Ethical Considerations

Both the RCT and this validation study have been approved by the Ethics, Biosecurity and Research Commissions at the National Institute of Public Health (INSP), Cuernavaca, Mexico. All participating mothers provided written informed consent to participate in the validation data and to release socio-demographic and dietary data collected during the RCT study.

Results

We analyzed dietary intake from a total of 84 children with dietary information estimated by the CFP, 24hrR and the FFQ. As shown in Table 1, 83.9% of mothers had fewer than 9 years of schooling. Of the study children, 56% were boys, and 44% were girls.

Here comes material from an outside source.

(* Let $n\in\mathbb{N}$, $\Delta T>0$, $D\subset\mathbb{R}^{2n}$, and let $\Phi^{\Delta T}:D\to\mathbb{R}^{2n}$ be the time-$\Delta T$ flow map of a Hamiltonian system. Let $\Omega:=\{I_1x_0+I_2\Phi^{\Delta T}(x_0):x_0\in D\}$ be open and convex, and let $S^{\Delta T}\in C^2(\Omega)\cap H_k(\Omega)$ be a type II generating function of $\Phi^{\Delta T}$ on $\Omega$ (see context). Let $u:=S^{\Delta T}$ and run the gradient Hermite–Birkhoff $f$-greedy algorithm (see context) with index set $\mathcal J=\{1,\dots,2n\}$, producing selected pairs $(x_i,\ell_i)$, surrogates $s_i$ and errors $e_i=S^{\Delta T}-s_i$. For each $m\ge1$ choose $i_m\in\{m+1,\dots,2m\}$ with $\|\nabla e_{i_m}\|_{L^\infty(\Omega)}=\min_{m+1\le i\le 2m}\|\nabla e_i\|_{L^\infty(\Omega)}$. Fix a compact set $K\subset\mathbb{R}^{2n}$ and assume: (i) (Uniform solvability) for every $x_0\in K$ and every $m$ sufficiently large, the implicit equations $y=x_0+\Delta T J_{2n}\nabla S^{\Delta T}(I_1x_0+I_2y)$ and $y=x_0+\Delta T J_{2n}\nabla s_{i_m}(I_1x_0+I_2y)$ have unique solutions $y^\ast=\Phi^{\Delta T}(x_0)$ and $y_m=:x_{\Delta T,i_m}(x_0)$ respectively, with $I_1x_0+I_2y^\ast\in\Omega$ and $I_1x_0+I_2y_m\in\Omega$; (ii) (Uniform Lipschitz continuity in $y$) there is $L_S>0$ with $\sup_{x_0\in K,\ y:\ I_1x_0+I_2y\in\Omega}\|\nabla^2S^{\Delta T}(I_1x_0+I_2y)\,I_2\|_2=L_S<\infty$. Assume $\Delta T<1/L_S$. Then there exists a constant $C>0$, independent of $m$ and $x_0$, such that (for all $m$ sufficiently large as in (i)) \[ \sup_{x_0\in K}\|x_{\Delta T,i_m}(x_0)-\Phi^{\Delta T}(x_0)\|_2\le C\,\Delta T\,\sqrt{2n}\,m^{-1/2}\,\|e_{m+1}\|_{H_k(\Omega)}\left[\prod_{i=m+1}^{2m}P_i(x_{i+1},\ell_{i+1})\right]^{1/m}. \]
   Context: $J_{2n}=\begin{bmatrix}0_n&I_n\\-I_n&0_n\end{bmatrix}$; $I_1=\begin{bmatrix}I_n&0\\0&0\end{bmatrix}$, $I_2=\begin{bmatrix}0&0\\0&I_n\end{bmatrix}$. A Hamiltonian system is $\dot x=J_{2n}\nabla\mathcal H(x)$ for $x=(q,p)\in\mathbb{R}^{2n}$, and $\Phi^{\Delta T}(x_0)$ is its solution at time $\Delta T$ with initial value $x_0$. A type II generating function of $\Phi^{\Delta T}$ on $\Omega$ is a function $S^{\Delta T}\in H_k(\Omega)\cap C^1(\Omega)$ with $J_{2n}^\top\frac{\Phi^{\Delta T}(x_0)-x_0}{\Delta T}=\nabla S^{\Delta T}(I_1x_0+I_2\Phi^{\Delta T}(x_0))$ for all $x_0\in D$. Kernel assumptions: $k$ is a symmetric positive definite kernel on $\Omega$ with RKHS $H_k(\Omega)$, $k\in C^2(\Omega\times\Omega)$, and for all $x\in\Omega$, $\ell\in\mathcal J$, $\partial^{(2)}_\ell k(\cdot,x)\in H_k(\Omega)$ with $\partial_\ell f(x)=\langle f,\partial^{(2)}_\ell k(\cdot,x)\rangle_{H_k(\Omega)}$ for all $f\in H_k(\Omega)$ ($\partial^{(2)}_\ell$ = derivative in the second argument). Greedy algorithm: for a selection $\{(x_i,\ell_i)\}_{i=1}^m\subset\Omega\times\mathcal J$, $V_m:=\operatorname{span}\{\partial^{(2)}_{\ell_i}k(\cdot,x_i)\}_{i=1}^m$ ($V_0=\{0\}$), $\Pi_m$ the orthogonal projector of $H_k(\Omega)$ onto $V_m$, $s_m:=\Pi_m u$, $e_m:=u-s_m$; starting from $m=0$, for each $m\ge0$ choose $(x_{m+1},\ell_{m+1})\in\operatorname{argmax}_{x\in\Omega,\ell\in\mathcal J}|\partial_\ell e_m(x)|$ (maximizers assumed to exist). Power function: $P_m(x,\ell):=\|(I-\Pi_m)\partial^{(2)}_\ell k(\cdot,x)\|_{H_k(\Omega)}$. $\|\nabla e\|_{L^\infty(\Omega)}:=\sup_{x\in\Omega}\|\nabla e(x)\|_2$. *)

theory Defs
  imports "HOL-Analysis.Analysis"
begin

Their mean birth weight was 3.1 kg (SD 0.4 kg), and mean birth length 48.6 cm (SD 2.1 cm), while 6% had a length-for-age less than −2 z-scores, and 4.8% had a weight-for-length below −2 z-score)

Table 1.

Anthropometric and demographic characteristics of 84 participating children at birtha

Anthropometrics Mean SD Range
Birth Weight (kg) 3.1 0.4 (2.5, 4.3)
Birth Height (cm) 48.6 2.1 (44.7, 59.9)

Demographics n % (95%CI)

Sex
 Girls 37 44.0 (33.2, 54.9)
 Boys 47 56.0 (45.1, 66.8)
Anthropometrics (≥−2 z-score)b
 Length-for-age 5 6.0 (0.8, 11.1)
 Weight-for-age 4 4.8 (0.1, 9.4)
 Weight-for-length 5 6.0 (0.8, 11.1)
Socio-economic levelc
 Low 26 37.1 (25.5, 48.7)
 Medium 21 30.0 (19.0, 41.0)
 High 23 32.9 (25.6, 44.1)
Birth order of child
 1 2 2.4 (−0.1, 5.7)
 2 to 3 43 51.2 (40.3, 62.1)
 4 to 5 11 13.1 (5.7, 20.5)
 > 6 28 33.3 (23.0, 43.6)
Mother Schooling (years)d
 0 8 9.5 (3.1, 15.9)
 1 to 6 39 46.4 (35.5, 57.3)
 7 to 9 28 33.3 (23.0, 46.6)
 >10 9 10.7 (4.0, 17.5)
a

These data were collected during the RCT (1997–2000). There were 84 Mother-child pairs

b

WHO Multicentre Growth Reference Study Group. (22).

c

Socioeconomic status was stratified into three levels based on principal component analysis of household possessions (23).

d

Years of schooling completed by mother

Complementary feeding practices in children during their first year of life

For diet during infancy, we compared the CFP with the FFQ-Yr1 and found great overlap between the types of foods reported as “introduced” and the timing reported for their introduction (Table 2). There was only one food (yogurt) which appeared as “introduced” in the FFQ though it was never reported in the CFP. Significant differences in the child’s reported age at time of food introduction (P<0.05) were found for infant formula, atole, juice, bean soup, rice, and noodle soup (Table 2).

Table 2.

Average age (months) at introduction of complementary foods during the first year of life a

Complementary Feeding Practices (CFP 1997–2000) Food Frequency Questionnaire (FFQ 2004)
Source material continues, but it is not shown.